Help on 1995 NISSAN 240SX Interior

How are you doing?

I own a 1995 NISSAN 240SX, and I would like some help (on-line tutorial or book that I can buy) in removing the interior panels on it (since most of the parts like the AC vents, etc are in very poor condition). Is there any place (other than e-Bay and a Junk-Yard) that sell these parts or custom made them?

Thanks for your help.


----------



## Nismo240 (Jul 24, 2004)

if you have a chilton book it should show you how to remove most of the panels. as for buying new parts, i think you might be able to go to nissan and get them to order the parts for you.


----------



## ABuSD (Jun 28, 2005)

If u arent in a hurry, i will be taking apart my 200sx (your 240, im in Australia) ill prolly be taking alot of pics, also customising most of mine ie: instead of the ac vents im want to make a din sized hole to fit a h/u with motorised screen, perfect place for a screen(that or 3 guage holes).
Gotta finish my current car 1st  so maybe about 2 months away!?!

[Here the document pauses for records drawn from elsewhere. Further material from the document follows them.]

(* Let $\Gamma$ be a finite multiset of formulas and $A$ a formula of propositional logic. If the sequent $\Gamma \Rightarrow A$ is derivable in classical propositional logic (i.e. $\Gamma \vdash_c A$), then $\Pi_V, \Gamma \vdash_i A$ (i.e. $A$ is derivable in intuitionistic propositional logic from the assumptions $\Pi_V \cup \Gamma$), where \[ V = (\mathcal{V}^-(\Gamma) \cup \mathcal{V}^+(A)) \cap (\mathcal{V}^+_{ns}(\Gamma) \cup \mathcal{V}^-(A)). \]
   Context: Formulas are built from propositional variables and $\bot$ using $\land$, $\lor$, $\to$; $\lnot A$ abbreviates $A \to \bot$. For a set $V$ of propositional variables, $\Pi_V = \{ p \lor \lnot p \mid p \in V\}$. $\vdash_c$ and $\vdash_i$ denote derivability in classical and intuitionistic propositional logic respectively (e.g. in the cut-free sequent calculi G3cp and G3ip). The sets $\mathcal{V}^+(A)$, $\mathcal{V}^-(A)$ of variables occurring positively, negatively in $A$ are defined simultaneously by: $\mathcal{V}^+(p)=\{p\}$, $\mathcal{V}^+(\bot)=\emptyset$, $\mathcal{V}^+(A\land B)=\mathcal{V}^+(A\lor B)=\mathcal{V}^+(A)\cup\mathcal{V}^+(B)$, $\mathcal{V}^+(A\to B)=\mathcal{V}^-(A)\cup\mathcal{V}^+(B)$; $\mathcal{V}^-(p)=\mathcal{V}^-(\bot)=\emptyset$, $\mathcal{V}^-(A\land B)=\mathcal{V}^-(A\lor B)=\mathcal{V}^-(A)\cup\mathcal{V}^-(B)$, $\mathcal{V}^-(A\to B)=\mathcal{V}^+(A)\cup\mathcal{V}^-(B)$. The set $\mathcal{V}^+_{ns}(A)$ of variables occurring non-strictly positively is defined by $\mathcal{V}^+_{ns}(p)=\mathcal{V}^+_{ns}(\bot)=\emptyset$, $\mathcal{V}^+_{ns}(A\land B)=\mathcal{V}^+_{ns}(A\lor B)=\mathcal{V}^+_{ns}(A)\cup\mathcal{V}^+_{ns}(B)$, $\mathcal{V}^+_{ns}(A\to B)=\mathcal{V}^-(A)\cup\mathcal{V}^+_{ns}(B)$. For a finite multiset $\Gamma$, $\mathcal{V}^+(\Gamma)=\bigcup_{A\in\Gamma}\mathcal{V}^+(A)$, and similarly for $\mathcal{V}^-$ and $\mathcal{V}^+_{ns}$. *)

theory Defs
  imports "HOL-Library.Multiset"
begin

datatype 'v form = Var 'v | Bot | And "'v form" "'v form" | Or "'v form" "'v form" | Imp "'v form" "'v form"

definition Neg :: "'v form \<Rightarrow> 'v form" where "Neg A = Imp A Bot"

If it turns out good, i wouldnt mind making more and selling them!

Although im RHD id say it would be pretty much the same(removing wise).


----------



## Bullet23 (Feb 26, 2004)

I'm having trouble removing some of the rear panels in my car. I have the Chilton manual but it doesn't show anything about the rear panels. Also anyone know what torque the seatbelts should be at. Thought I would find that out before i took them off to get the rear panels out.


----------